Once you make your way deep into the forest, you open up your instructions from the king. The instructions state that you are to bring back four abiotic factors from the rainforest. You ask your fellow explorers, ''What are abiotic factors?'' One of your fellow explorers, Keesha, begins to explain.

Keesha says, ''There are living and non-living things everywhere. Living things all have certain characteristics in common, such as the ability to reproduce. They all react to their environment, have a need for water, and require energy.'' She's saying that living things are also referred to as biotic factors.

The group nods as Keesha explains. One explorer, April, states that she sees a biotic factor right now, as she points to a toucan flying through the trees. Kevin, another explorer, states that he is leaning on a biotic factor, as he pushes himself off of the bark of a tree.

You say, ''That's a great explanation, Keesha. However, the king asked us to also bring back four abiotic factors.
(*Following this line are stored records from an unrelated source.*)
definition mth_power_class :: "int \<Rightarrow> nat \<Rightarrow> int \<Rightarrow> int set" where
  "mth_power_class p m w = {y. \<exists>h. nonzero_mth_power p m h \<and> [y = h * w] (mod p)}"

lemma mem_mth_power_class_self: "prime p \<Longrightarrow> w \<in> mth_power_class p m w"
  unfolding mth_power_class_def by (auto intro!: exI[of _ 1] nonzero_mth_power_one)

lemma mth_power_stable_class:
  assumes "prime p"
  shows "mth_power_stable p m (mth_power_class p m w)"
  unfolding mth_power_stable_def
proof (intro allI impI)
  fix y h y'
  assume "y \<in> mth_power_class p m w" and h: "nonzero_mth_power p m h" and y': "[y' = h * y] (mod p)"
  then obtain k where k: "nonzero_mth_power p m k" "[y = k * w] (mod p)"
    unfolding mth_power_class_def by blast
  have "[y' = (h * k) * w] (mod p)"
    using cong_trans[OF y' cong_scalar_left[OF k(2)]] by (simp add: ac_simps)
  then show "y' \<in> mth_power_class p m w"
    using nonzero_mth_power_mult[OF assms h k(1)] unfolding mth_power_class_def by blast
qed

lemma not_mem_mth_power_class:
  fixes p k y w q a :: int
  assumes p: "prime p" and a: "\<not> [a = 0] (mod p)"
    and y: "[k * y = a] (mod p)" and w: "[k * w = a * q] (mod p)"
    and q: "\<not> nonzero_mth_power p m q"
  shows "y \<notin> mth_power_class p m w"
proof
  assume "y \<in> mth_power_class p m w"
  then obtain h where h: "nonzero_mth_power p m h" "[y = h * w] (mod p)"
    unfolding mth_power_class_def by blast
  have "a * (h * q) = h * (a * q)" by (simp add: ac_simps)
  also have "[\<dots> = h * (k * w)] (mod p)" using w by (simp add: cong_scalar_left cong_sym_eq)
  also have "h * (k * w) = k * (h * w)" by (simp add: ac_simps)
  also have "[k * (h * w) = k * y] (mod p)" using h(2) by (simp add: cong_scalar_left cong_sym_eq)
  also note y
  finally show False using nonzero_mth_power_if_cong_mult[OF p h(1) a] q by blast
qed

definition piecewise_mult :: "int set \<Rightarrow> int \<Rightarrow> int \<Rightarrow> int \<Rightarrow> int" where
  "piecewise_mult D a b y = (if y \<in> D then a * y else b * y)"

lemma piecewise_mult_cong:
  assumes "prime p" "mth_power_stable p m D" "[y = y'] (mod p)"
  shows "[piecewise_mult D a b y = piecewise_mult D a b y'] (mod p)"
  using mth_power_stable_cong[OF assms] assms(3)
  by (simp add: piecewise_mult_def cong_scalar_left)

lemma piecewise_mult_cancel:
  assumes p: "prime p" and D: "mth_power_stable p m D"
    and a: "\<not> [a = 0] (mod p)" and z: "nonzero_mth_power p m z" and b: "[b = a * z] (mod p)"
    and eq: "[piecewise_mult D a b y1 = piecewise_mult D a b y2] (mod p)"
  shows "[y1 = y2] (mod p)"
proof -
  have cop_a: "coprime a p" using coprime_if_not_cong_0[OF p a] .
  have "\<not> [a * z = 0] (mod p)"
    using a z p by (auto simp: nonzero_mth_power_def cong_0_iff prime_dvd_mult_iff)
  then have "\<not> [b = 0] (mod p)" using cong_trans[OF cong_sym[OF b]] by blast
  then have cop_b: "coprime b p" using coprime_if_not_cong_0[OF p] by blast
  have mixed: "v \<in> D" if "u \<in> D" "[a * u = b * v] (mod p)" for u v
  proof -
    have "[a * u = a * (z * v)] (mod p)"
      using cong_trans[OF that(2) cong_scalar_right[OF b]] by (simp add: ac_simps)
    then have "[u = z * v] (mod p)" using cong_mult_lcancel[OF cop_a] by blast
    then show ?thesis using mth_power_stable_cancel[OF p D z] that(1) by blast
  qed
  show ?thesis
  proof (cases "y1 \<in> D"; cases "y2 \<in> D")
    assume "y1 \<in> D" "y2 \<in> D"
    then show ?thesis using eq cong_mult_lcancel[OF cop_a] by (simp add: piecewise_mult_def)
  next
    assume "y1 \<notin> D" "y2 \<notin> D"
    then show ?thesis using eq cong_mult_lcancel[OF cop_b] by (simp add: piecewise_mult_def)
  next
    assume "y1 \<in> D" "y2 \<notin> D"
    then show ?thesis using eq mixed by (simp add: piecewise_mult_def)
  next
    assume "y1 \<notin> D" "y2 \<in> D"
    then show ?thesis using eq mixed by (simp add: piecewise_mult_def cong_sym_eq)
  qed
qed

definition orthomorphism :: "int \<Rightarrow> (int \<Rightarrow> int) \<Rightarrow> bool" where
  "orthomorphism p g \<longleftrightarrow>
     (\<forall>a b. [g a = g b] (mod p) \<longleftrightarrow> [a = b] (mod p)) \<and>
     (\<forall>a b. [g a - a = g b - b] (mod p) \<longrightarrow> [a = b] (mod p))"

lemma orthomorphism_cong_iff:
  "orthomorphism p g \<Longrightarrow> [g a = g b] (mod p) \<longleftrightarrow> [a = b] (mod p)"
  unfolding orthomorphism_def by blast

lemma orthomorphism_cong:
  "orthomorphism p g \<Longrightarrow> [a = b] (mod p) \<Longrightarrow> [g a = g b] (mod p)"
  by (simp add: orthomorphism_cong_iff)

lemma orthomorphism_diff_cancel:
  "orthomorphism p g \<Longrightarrow> [g a - a = g b - b] (mod p) \<Longrightarrow> [a = b] (mod p)"
  unfolding orthomorphism_def by blast

lemma orthomorphism_piecewise_mult:
  assumes p: "prime p" and D: "mth_power_stable p m D"
    and a: "\<not> [a = 0] (mod p)" "\<not> [a - 1 = 0] (mod p)"
    and z: "nonzero_mth_power p m z" "[b = a * z] (mod p)"
    and z': "nonzero_mth_power p m z'" "[b - 1 = (a - 1) * z'] (mod p)"
  shows "orthomorphism p (piecewise_mult D a b)"
proof -
  have shift: "piecewise_mult D a b y - y = piecewise_mult D (a - 1) (b - 1) y" for y
    by (simp add: piecewise_mult_def algebra_simps)
  show ?thesis
    unfolding orthomorphism_def
  proof (intro conjI allI iffI impI)
    fix y1 y2
    assume "[piecewise_mult D a b y1 = piecewise_mult D a b y2] (mod p)"
    then show "[y1 = y2] (mod p)" by (rule piecewise_mult_cancel[OF p D a(1) z])
  next
    fix y1 y2
    assume "[y1 = y2] (mod p)"
    then show "[piecewise_mult D a b y1 = piecewise_mult D a b y2] (mod p)"
      by (rule piecewise_mult_cong[OF p D])
  next
    fix y1 y2
    assume "[piecewise_mult D a b y1 - y1 = piecewise_mult D a b y2 - y2] (mod p)"
    then show "[y1 = y2] (mod p)" unfolding shift by (rule piecewise_mult_cancel[OF p D a(2) z'])
  qed
qed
What's an abiotic factor?'' Keesha replies, ''Well, it's the exact opposite of a biotic factor.'' She's saying that an abiotic factor is an object that doesn't display the characteristics of a living thing, so it's a non-living thing. You, Kevin, Keesha, and April begin to think about some of the non-living, abiotic factors found around you.

You shout, ''Rainwater!'', Keesha yells, ''Soil!'', April shouts, ''Rocks!''', and Kevin says, ''Sunlight!''

Biotic and Abiotic Factor Relationships

Congratulations! You and your fellow explorers have discovered some examples of biotic and abiotic factors. So how are these two factors related? Well, biotic factors depend upon the abiotic factors in their environment for survival.